New retail developments to change the region’s shopping landscape


Retail casualties

Even as the region’s newest retail developments ink deals with new tenants, elsewhere in the region, communities and retail centers are grappling with a wave of store closings, downsizing, consolidations and relocations. Here’s a small sampling of recent casualties:

• J.C.Penney announced in early January that it will close its Springfield store in the Upper Valley Mall and its Greenville store this spring, affecting 145 employees;

• Macy’s announced in early January that it will close its Upper Valley Mall store, impacting 79 employees;

• Kmart announced in September 2014 it would close stores in Fairborn and Springfield, affecting 134 employees.

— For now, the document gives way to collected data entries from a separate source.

(* Let $s\in S^{\mathbb{N}}$ be a directive sequence such that (primitivity) for every $n$ there is $k\ge n$ with $M_{[n,k)}>0$ entrywise, and (strong convergence) $\sum_n|||\pi_vM_{[0,n)}|||_1$ converges for some vector $v\in\mathbb{R}_+^{d+1}\setminus\{0\}$. Then for every letter $a\in A$ and every fixed point $u$ of $s$, $$R_a(u_0)=\Big\{\sum_{n=0}^\infty\pi_v(M_{[0,n)}t_n)\ \Big|\ \cdots\xrightarrow{t_n,s_n}\cdots\xrightarrow{t_0,s_0}a \text{ is a left-infinite path in }\mathcal{A}\Big\}.$$ In particular the Rauzy fractal does not depend on the choice of the fixed point $u$, and it is compact.
   Context: $d\ge1$, $A=\{0,\dots,d\}$, $h(y)=\sum_iy_i$, $P=\{h=0\}$; for $v\in\mathbb{R}_+^{d+1}\setminus\{0\}$, $\pi_v(z)=z-h(z)v/h(v)$ is the projection onto $P$ along $v$; $|||\cdot|||_1$ is the $\ell^1$ operator norm. $S$ is a finite set of unimodular substitutions on $A$ (morphisms of $A^*$ with non-empty images of letters, $|\det\mathrm{ab}(\sigma)|=1$, where $\mathrm{ab}$ is abelianization: $\mathrm{ab}(w)$ counts letters of $w$). For $s=(s_k)$: $M_k=\mathrm{ab}(s_k)$, $M_{[k,n)}=M_k\cdots M_{n-1}$. A fixed point of $s$ is $(u_k)$ with $s_k(u_{k+1})=u_k$ for all $k$. Abelianized prefix automaton $\mathcal{A}$: states $A$, transitions $a\xrightarrow{t,\sigma}b$ ($\sigma\in S$, $t\in\mathbb{Z}^{d+1}$) iff $\sigma(a)=pbq$ for words $p,q$ with $\mathrm{ab}(p)=t$. A left-infinite path $\cdots\xrightarrow{t_n,s_n}\cdots\xrightarrow{t_0,s_0}a$ is a sequence of states $a_0=a,a_1,a_2,\dots$ with $a_{k+1}\xrightarrow{t_k,s_k}a_k$ a transition for all $k$. For an infinite word $w$ and $a\in A$, $W_a(w)=\{\mathrm{ab}(p):pa\text{ prefix of }w\}$, and $R_a(u_0)=\overline{\pi_v(W_a(u_0))}$, the Rauzy fractal being $R(u_0)=\bigcup_aR_a(u_0)$. *)

theory Defs
  imports "HOL-Analysis.Analysis"
begin

text \<open>Alphabet: a finite type 'a (so A = UNIV, d+1 = CARD('a)).
  Vectors in R^(d+1): real^'a. Substitutions: 'a \<Rightarrow> 'a list.
  Infinite words: nat \<Rightarrow> 'a.\<close>

definition ab :: "'a::finite list \<Rightarrow> real^'a" where
  "ab w = (\<chi> b. real (count_list w b))"

definition ab_mat :: "('a::finite \<Rightarrow> 'a list) \<Rightarrow> real^'a^'a" where
  "ab_mat \<sigma> = (\<chi> i j. real (count_list (\<sigma> j) i))"

definition unimodular_subst :: "('a::finite \<Rightarrow> 'a list) \<Rightarrow> bool" where
  "unimodular_subst \<sigma> \<longleftrightarrow> (\<forall>a. \<sigma> a \<noteq> []) \<and> \<bar>det (ab_mat \<sigma>)\<bar> = 1"

text \<open>mprod s k m = M_k ** ... ** M_(k+m-1), i.e. M_[k,k+m).\<close>
fun mprod :: "(nat \<Rightarrow> ('a::finite \<Rightarrow> 'a list)) \<Rightarrow> nat \<Rightarrow> nat \<Rightarrow> real^'a^'a" where
  "mprod s k 0 = mat 1"
| "mprod s k (Suc m) = mprod s k m ** ab_mat (s (k + m))"

definition Mint :: "(nat \<Rightarrow> ('a::finite \<Rightarrow> 'a list)) \<Rightarrow> nat \<Rightarrow> nat \<Rightarrow> real^'a^'a" where
  "Mint s k n = mprod s k (n - k)"

definition hsum :: "real^'a::finite \<Rightarrow> real" where
  "hsum y = (\<Sum>i\<in>UNIV. y $ i)"

definition proj :: "real^'a::finite \<Rightarrow> real^'a \<Rightarrow> real^'a" where
  "proj v z = z - (hsum z / hsum v) *\<^sub>R v"

definition norm1 :: "real^'a::finite \<Rightarrow> real" where
  "norm1 x = (\<Sum>i\<in>UNIV. \<bar>x $ i\<bar>)"

definition l1_opnorm :: "(real^'a::finite \<Rightarrow> real^'a) \<Rightarrow> real" where
  "l1_opnorm f = (SUP x\<in>{x. norm1 x = 1}. norm1 (f x))"

text \<open>Image of an infinite word under a substitution with non-empty images:
  the i-th letter of sigma(w) lies within sigma(w_0 ... w_i).\<close>
definition subst_inf :: "('a \<Rightarrow> 'a list) \<Rightarrow> (nat \<Rightarrow> 'a) \<Rightarrow> (nat \<Rightarrow> 'a)" where
  "subst_inf \<sigma> w = (\<lambda>i. concat (map \<sigma> (map w [0..<Suc i])) ! i)"

definition fixed_point :: "(nat \<Rightarrow> ('a \<Rightarrow> 'a list)) \<Rightarrow> (nat \<Rightarrow> (nat \<Rightarrow> 'a)) \<Rightarrow> bool" where
  "fixed_point s u \<longleftrightarrow> (\<forall>k. subst_inf (s k) (u (Suc k)) = u k)"

definition prefix_inf :: "(nat \<Rightarrow> 'a) \<Rightarrow> nat \<Rightarrow> 'a list" where
  "prefix_inf w n = map w [0..<n]"

definition Wset :: "(nat \<Rightarrow> 'a::finite) \<Rightarrow> 'a \<Rightarrow> (real^'a) set" where
  "Wset w a = {ab (prefix_inf w n) | n. w n = a}"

A few months earlier, Kmart shut down its Xenia Towne Square store, eliminating 57 jobs;

• Ten days ago, Radio Shack declared Chapter 11 reorganization bankruptcy, and the following day, announced it would close 14 stores in the greater Miami Valley, including locations in Xenia, Springfield, Hamilton and Fairfield.

• In December, Big Lots shut down stores in Englewood and Greenville.

• Sears closed a department store and auto center in Trotwood in January 2014, and five months later, a Target store in Trotwood also closed its doors.

Three large-scale retail projects in varying stages of development are poised to change the nature of shopping and dining in southwest Ohio.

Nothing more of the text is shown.